Re: [patch V3 00/12] rseq: Implement time slice extension mechanism
From: Mathieu Desnoyers
Date: Wed Nov 12 2025 - 15:40:18 EST
On 2025-11-12 01:30, Prakash Sangappa wrote:
[...]
The problem reproduces on a 2 socket AMD(384 cpus) bare metal system.
It occurs soon after system boot up. Does not reproduce on a 64cpu VM.
Managed to grep the ‘mksquashfs’ command that was executing, which triggers the panic.
#ps -ef |grep mksquash.
root 16614 10829 0 05:55 ? 00:00:00 mksquashfs /dev/null /var/tmp/dracut.iLs0z0/.squash-test.img -no-progress -comp xz
[...]
..
[ 65.143712] cid bitmask ffffffffffffffff ffffffffffffffff ffffffffffffffff ffffffffffffffff ffffffffffffffff 7fffffffffffffff
[ 65.143767] pid 16614, exec mksquashfs, maxcids 175 percpu 0 pcputhr 0, users 140 nrcpus_allwd 384
[ 65.143769] cid bitmask ffffffffffffffff ffffffffffffffff ffffffffffffffff ffffffffffffffff ffffffffffffffff ffffffffffffffff
It's weird that the cid bitmask is all f values (all 1). Aren't those
zeroed on mm init ?
Followed by the panic.[...]
[ 99.979256] watchdog: CPU114: Watchdog detected hard LOCKUP on cpu 114
..
As you can see, at least when it cannot find available cid’s it is in per-task mm cid mode.
Perhaps it is taking longer to drop used cid’s? I have not delved into the mm cid management.
Hopeful you can make out something from the above trace.
Let me know if you want me to add more tracing.
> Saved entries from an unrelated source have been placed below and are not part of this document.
lemma parabolas_hyperbola_below_antidiagonal:
  fixes x y :: real
  assumes "1 + x - y^2 > 0" "1 + x > 0" "1 + y > 0" "x*y - 1 - y > 0" "1 + x + y < 0" "1 + y - x^2 < 0"
  shows False
proof -
  have y0: "y < 0" using assms by linarith
  have "x*y > 1 + y" using assms(4) by simp
  then have x0: "x < 0" using y0 assms(3) mult_nonneg_nonpos[of x y] by (cases "x < 0") auto
  have xg: "x > y^2 - 1" using assms(1) by simp
  then have "(-x)^2 < (1 - y^2)^2" using x0 by (intro power_strict_mono) auto
  then have "1 + y < (1 - y^2)^2" using assms(6) by simp
  also have "(1 - y^2)^2 = (1 + y) * ((1 + y) * (1 - y)^2)" by (simp add: power2_eq_square algebra_simps)
  finally have "1 < (1 + y) * (1 - y)^2" using assms(3) by simp
  then have A: "y * (y^2 - y - 1) > 0" by (simp add: power2_eq_square algebra_simps)
  have "x*y < (y^2 - 1)*y" using xg y0 by (simp add: mult_strict_right_mono_neg)
  then have "(y + 1) * (y^2 - y - 1) > 0" using assms(4) by (simp add: power2_eq_square algebra_simps)
  then have "y^2 - y - 1 > 0" using assms(3) by (simp add: zero_less_mult_iff)
  then show False using A y0 by (simp add: zero_less_mult_iff)
qed

lemma parabolas_hyperbola_above_antidiagonal:
  fixes x y :: real
  assumes "1 + x - y^2 < 0" "1 + x > 0" "1 + y > 0" "x*y - 1 - y < 0" "1 + x + y > 0" "1 + y - x^2 < 0"
  shows False
proof (cases "x > 0 \<and> y > 0")
  case True
  have e: "y * (x - 1) < 1" using assms(4) by (simp add: algebra_simps)
  show False
  proof (cases "x \<le> y")
    case True
    have "x*x > 1 + x" using assms(6) True by (simp add: power2_eq_square)
    have "x > 1"
    proof (rule ccontr)
      assume "\<not> x > 1"
      then have "x*x \<le> 1*x" using \<open>x > 0 \<and> y > 0\<close> by (intro mult_right_mono) auto
      then show False using \<open>x*x > 1 + x\<close> by simp
    qed
    have "x * (x - 1) \<le> y * (x - 1)" using True \<open>x > 1\<close> by (simp add: mult_right_mono)
    then show False using e \<open>x*x > 1 + x\<close> by (simp add: algebra_simps)
  next
    case False
    have "y*y > 1 + y" using assms(1) False by (simp add: power2_eq_square)
    have "y * (y - 1) < y * (x - 1)" using False \<open>x > 0 \<and> y > 0\<close> by (simp add: mult_strict_left_mono)
    then show False using e \<open>y*y > 1 + y\<close> by (simp add: algebra_simps)
  qed
next
  case False
  then consider "x \<le> 0" | "y \<le> 0" "x > 0" by linarith
  then show False
  proof cases
    case 1
    have "x * (x + 1) \<le> 0" using 1 assms(2) mult_nonpos_nonneg[of x "x + 1"] by simp
    then have "x^2 \<le> -x" by (simp add: power2_eq_square algebra_simps)
    then show False using assms(5,6) by linarith
  next
    case 2
    have "y * (y + 1) \<le> 0" using 2 assms(3) mult_nonpos_nonneg[of y "y + 1"] by simp
    then have "y^2 \<le> -y" by (simp add: power2_eq_square algebra_simps)
    then show False using assms(1,3) 2 by linarith
  qed
qed

lemma parabolas_below_hyperbola_and_antidiagonal:
  fixes x y :: real
  assumes "1 + x - y^2 < 0" "1 + x > 0" "1 + y > 0" "x*y - 1 - y < 0" "1 + x + y < 0" "1 + y - x^2 > 0"
  shows False
proof -
  have y0: "y < 0" using assms by linarith
  have xg: "x < y^2 - 1" using assms(1) by simp
  have "y * (y + 1) < 0" using y0 assms(3) by (simp add: mult_neg_pos)
  then have "y^2 < 1" using assms(3) by (simp add: power2_eq_square algebra_simps)
  have "1 - y^2 < -x" using xg by simp
  then have "(1 - y^2)^2 < (-x)^2" using \<open>y^2 < 1\<close> by (intro power_strict_mono) auto
  then have "(1 - y^2)^2 < 1 + y" using assms(6) by simp
  also have "(1 - y^2)^2 = (1 + y) * ((1 + y) * (1 - y)^2)" by (simp add: power2_eq_square algebra_simps)
  finally have "(1 + y) * (1 - y)^2 < 1" using assms(3) by simp
  then have A: "y * (y^2 - y - 1) < 0" by (simp add: power2_eq_square algebra_simps)
  have "x*y > (y^2 - 1)*y" using xg y0 by (simp add: mult_strict_right_mono_neg)
  then have "(y + 1) * (y^2 - y - 1) < 0" using assms(4) by (simp add: power2_eq_square algebra_simps)
  then have "y^2 - y - 1 < 0" using assms(3) by (simp add: mult_less_0_iff)
  then show False using A y0 by (simp add: mult_less_0_iff)
qed

lemma T_pos_quadrant_signs_incompatible:
  fixes x y :: real
  assumes P1: "0 < (1 + y) * (1 + x) * (x*y - 1 - y) * (1 + x - y^2)"
    and P2: "0 < (1 + x + y) * (1 + y - x^2) * (1 + x - y^2)"
  shows False
proof -
  define A B E G S H where "A = 1 + x" "B = 1 + y" "E = x*y - 1 - y" "G = 1 + x - y^2"
    "S = 1 + x + y" "H = 1 + y - x^2"
  note defs = this
  have q: "0 < B * A * E * G" "0 < S * H * G" using P1 P2 defs by auto
  have f1: "y < 0 \<Longrightarrow> E > 0 \<Longrightarrow> S > 0 \<Longrightarrow> False"
    unfolding defs by (rule hyperbola_antidiagonal_neg_y)
  have f2: "y > 0 \<Longrightarrow> E > 0 \<Longrightarrow> H > 0 \<Longrightarrow> G > 0 \<Longrightarrow> False"
    unfolding defs by (rule hyperbola_parabolas_pos_y)
  have f3: "G > 0 \<Longrightarrow> A > 0 \<Longrightarrow> B > 0 \<Longrightarrow> E > 0 \<Longrightarrow> S < 0 \<Longrightarrow> H < 0 \<Longrightarrow> False"
    unfolding defs by (rule parabolas_hyperbola_below_antidiagonal)
  have f4: "G < 0 \<Longrightarrow> A > 0 \<Longrightarrow> B > 0 \<Longrightarrow> E < 0 \<Longrightarrow> S > 0 \<Longrightarrow> H < 0 \<Longrightarrow> False"
    unfolding defs by (rule parabolas_hyperbola_above_antidiagonal)
  have f5: "G < 0 \<Longrightarrow> A > 0 \<Longrightarrow> B > 0 \<Longrightarrow> E < 0 \<Longrightarrow> S < 0 \<Longrightarrow> H > 0 \<Longrightarrow> False"
    unfolding defs by (rule parabolas_below_hyperbola_and_antidiagonal)
  have f6: "G > 0 \<Longrightarrow> B < 0 \<Longrightarrow> S > 0"
  proof -
    assume "G > 0" "B < 0"
    then have "0 < y * (y + 1)" using defs by (simp add: mult_neg_neg)
    then show "S > 0" using \<open>G > 0\<close> defs by (simp add: power2_eq_square algebra_simps)
  qed
  have f7: "A < 0 \<Longrightarrow> y > 0 \<Longrightarrow> E < 0"
  proof -
    assume "A < 0" "y > 0"
    then have "y * (x - 1) < 0" using defs by (simp add: mult_pos_neg)
    then show "E < 0" using defs by (simp add: algebra_simps)
  qed
  have f8: "A < 0 \<Longrightarrow> H > 0 \<Longrightarrow> y > 0"
  proof -
    assume "A < 0" "H > 0"
    then have "1 * 1 < (-x) * (-x)" using defs by (intro mult_strict_mono) auto
    then show "y > 0" using \<open>H > 0\<close> defs by (simp add: power2_eq_square)
  qed
  have t1: "B < 0 \<Longrightarrow> H < 0" and t2: "G > 0 \<Longrightarrow> A > 0"
    using defs zero_le_power2[of x] zero_le_power2[of y] by linarith+
  have t3: "y = 0 \<Longrightarrow> E < 0" using defs by simp
  show False
    using q f1 f2 f3 f4 f5 f6 f7 f8 t1 t2 t3 defs
    by (cases y "0::real" rule: linorder_cases; auto simp: zero_less_mult_iff mult_less_0_iff)
qed

lemma T_neg_triangle_signs_incompatible:
  fixes x y :: real
  assumes P1: "0 < (x - y) * y * (1 + x - x*y) * (1 + x)"
    and P2: "(1 + x - y^2) * (x - y) * x * (1 + x) < 0"
  shows False
proof -
  define A D U G where "A = 1 + x" "D = x - y" "U = 1 + x - x*y" "G = 1 + x - y^2"
  note defs = this
  have q: "0 < D * y * U * A" "G * D * x * A < 0" using P1 P2 defs by auto
  have GU: "G - U = y * D" unfolding defs by (simp add: power2_eq_square algebra_simps)
  have f1: "D > 0 \<Longrightarrow> y > 0 \<Longrightarrow> U > 0 \<Longrightarrow> G < 0 \<Longrightarrow> False"
  proof -
    assume h: "D > 0" "y > 0" "U > 0" "G < 0"
    have "y*y > 1 + y" using h defs by (simp add: power2_eq_square)
    have "x * (y - 1) < 1" using h defs by (simp add: algebra_simps)
    have "y > 1"
    proof (rule ccontr)
      assume "\<not> y > 1"
      then have "y*y \<le> 1*y" using h(2) by (intro mult_right_mono) auto
      then show False using \<open>y*y > 1 + y\<close> by simp
    qed
    have "y * (y - 1) < x * (y - 1)" using h defs \<open>y > 1\<close> by (simp add: mult_strict_right_mono)
    then show False using \<open>x * (y - 1) < 1\<close> \<open>y*y > 1 + y\<close> by (simp add: algebra_simps)
  qed
  have f2: "y < 0 \<Longrightarrow> D > 0 \<Longrightarrow> G < U" "y > 0 \<Longrightarrow> D < 0 \<Longrightarrow> G < U"
    "y < 0 \<Longrightarrow> D < 0 \<Longrightarrow> U < G"
    using GU mult_neg_pos[of y D] mult_pos_neg[of y D] mult_neg_neg[of y D] by linarith+
  have f3: "U > 0" if "x > 0" "y < 0"
    using mult_pos_neg[OF that] that defs by simp
  have f4: "U > 0" if "x < 0" "y > 0" "A > 0"
    using mult_neg_pos[OF that(1,2)] that defs by simp
  have f5: "U < 0" if "A < 0" "y < 0"
    using mult_neg_neg[of x y] that defs by simp
  have f6: "G > 0 \<Longrightarrow> A > 0" using defs zero_le_power2[of y] by linarith
  show False
    using q f1 f2 f3 f4 f5 f6 defs
    by (cases x "0::real" rule: linorder_cases; auto simp: zero_less_mult_iff mult_less_0_iff)
qed

lemma zero_less_mult_of_mult_eq:
  fixes a d n :: real
  assumes "a * d = n" and "0 < a" and "d \<noteq> 0"
  shows "0 < n * d"
proof -
  have "n * d = a * d^2" using assms(1) by (simp add: power2_eq_square mult.assoc flip: assms(1))
  then show ?thesis using assms(2,3) by simp
qed

lemma mult_less_zero_of_mult_eq:
  fixes a d n :: real
  assumes "a * d = n" and "a < 0" and "d \<noteq> 0"
  shows "n * d < 0"
  using zero_less_mult_of_mult_eq[of "- a" d "- n"] assms by simp

lemma zero_less_of_eq_mult_square:
  fixes a c k :: real
  assumes "0 < a" and "a = c * k^2"
  shows "0 < c"
  using assms by (simp add: zero_less_mult_iff)

lemma less_zero_of_eq_mult_square:
  fixes a c k :: real
  assumes "a < 0" and "a = c * k^2"
  shows "c < 0"
  using assms by (simp add: mult_less_0_iff)

lemma T_notin_pos_quadrant:
  assumes "T_defined_at p"
  shows "T p \<notin> pos_quadrant"
proof
  assume "T p \<in> pos_quadrant"
  obtain x y X Y where p: "p = (x, y)" and Tp: "T p = (X, Y)" by (metis prod.exhaust)
  have d: "T_defined_at (x, y)" "T (x, y) = (X, Y)" using assms p Tp by auto
  note nz = T_defined_at_factors[OF d(1)] and eq = T_coordinates[OF d]
  have XY: "0 < X" "0 < Y" using \<open>T p \<in> pos_quadrant\<close> Tp by (auto simp: pos_quadrant_def)
  have "0 < (1 + y) * (1 + x - x*y)^2 * ((1 + x) * (-1 - y + x*y) * (1 + x - y^2))"
    using zero_less_mult_of_mult_eq[OF eq(1) XY(1)] nz by simp
  then have "0 < (1 + y) * (1 + x) * (x*y - 1 - y) * (1 + x - y^2)"
    by (rule zero_less_of_eq_mult_square[where k = "1 + x - x*y"]) algebra
  moreover have "0 < (x - y)^2 * (1 + x + y) * ((1 + y - x^2) * (1 + x - y^2))"
    using zero_less_mult_of_mult_eq[OF eq(2) XY(2)] nz by simp
  then have "0 < (1 + x + y) * (1 + y - x^2) * (1 + x - y^2)"
    by (rule zero_less_of_eq_mult_square[where k = "x - y"]) algebra
  ultimately show False by (rule T_pos_quadrant_signs_incompatible)
qed

lemma T_notin_neg_triangle:
  assumes "T_defined_at p"
  shows "T p \<notin> neg_triangle"
proof
  assume "T p \<in> neg_triangle"
  obtain x y X Y where p: "p = (x, y)" and Tp: "T p = (X, Y)" by (metis prod.exhaust)
  have d: "T_defined_at (x, y)" "T (x, y) = (X, Y)" using assms p Tp by auto
  note nz = T_defined_at_factors[OF d(1)] and eq = T_coordinates[OF d]
  have XY: "0 < X + 1" "0 < Y + 1" "X + Y + 1 < 0"
    using \<open>T p \<in> neg_triangle\<close> Tp by (auto simp: neg_triangle_def)
  have F1: "0 < - (x - y) * (1 + y - x^2) * y * ((1 + x) * (-1 - y + x*y) * (1 + x - y^2))"
    using zero_less_mult_of_mult_eq[OF eq(3) XY(1)] nz by simp
  have F2: "0 < (1 + x - x*y) * (1 + y - x*y) * ((1 + y - x^2) * (1 + x - y^2))"
    using zero_less_mult_of_mult_eq[OF eq(4) XY(2)] nz by simp
  have F3: "- (1 + x - x*y) * (x - y) * x * ((1 + x) * (-1 - y + x*y) * (1 + y - x^2)) < 0"
    using mult_less_zero_of_mult_eq[OF eq(5) XY(3)] nz by simp
  from F1 F2 have "0 < (- (x - y) * (1 + y - x^2) * y * ((1 + x) * (-1 - y + x*y) * (1 + x - y^2)))
      * ((1 + x - x*y) * (1 + y - x*y) * ((1 + y - x^2) * (1 + x - y^2)))"
    by (rule mult_pos_pos)
  then have "0 < (x - y) * y * (1 + x - x*y) * (1 + x)"
    by (rule zero_less_of_eq_mult_square[where k = "(-1 - y + x*y) * (1 + y - x^2) * (1 + x - y^2)"])
      algebra
  moreover from F3 F2 have "(- (1 + x - x*y) * (x - y) * x * ((1 + x) * (-1 - y + x*y) * (1 + y - x^2)))
      * ((1 + x - x*y) * (1 + y - x*y) * ((1 + y - x^2) * (1 + x - y^2))) < 0"
    by (rule mult_neg_pos)
  then have "(1 + x - y^2) * (x - y) * x * (1 + x) < 0"
    by (rule less_zero_of_eq_mult_square[where k = "(1 + x - x*y) * (-1 - y + x*y) * (1 + y - x^2)"])
      algebra
  ultimately show False by (rule T_neg_triangle_signs_incompatible)
qed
How soon is that after boot up ?
I'm starting to wonder if the num_possible_cpus() value used in
mm_cid_size() and mm_init_cid used respectively for mm allocation
and initialization may be read before it is initialized by the boot up
sequence ?
That's far fetched, but it would be good if we can double-check that
those are never called before the last call to init_cpu_possible and
set_cpu_possible().
Thanks,
Mathieu
--
Mathieu Desnoyers
EfficiOS Inc.
https://www.efficios.com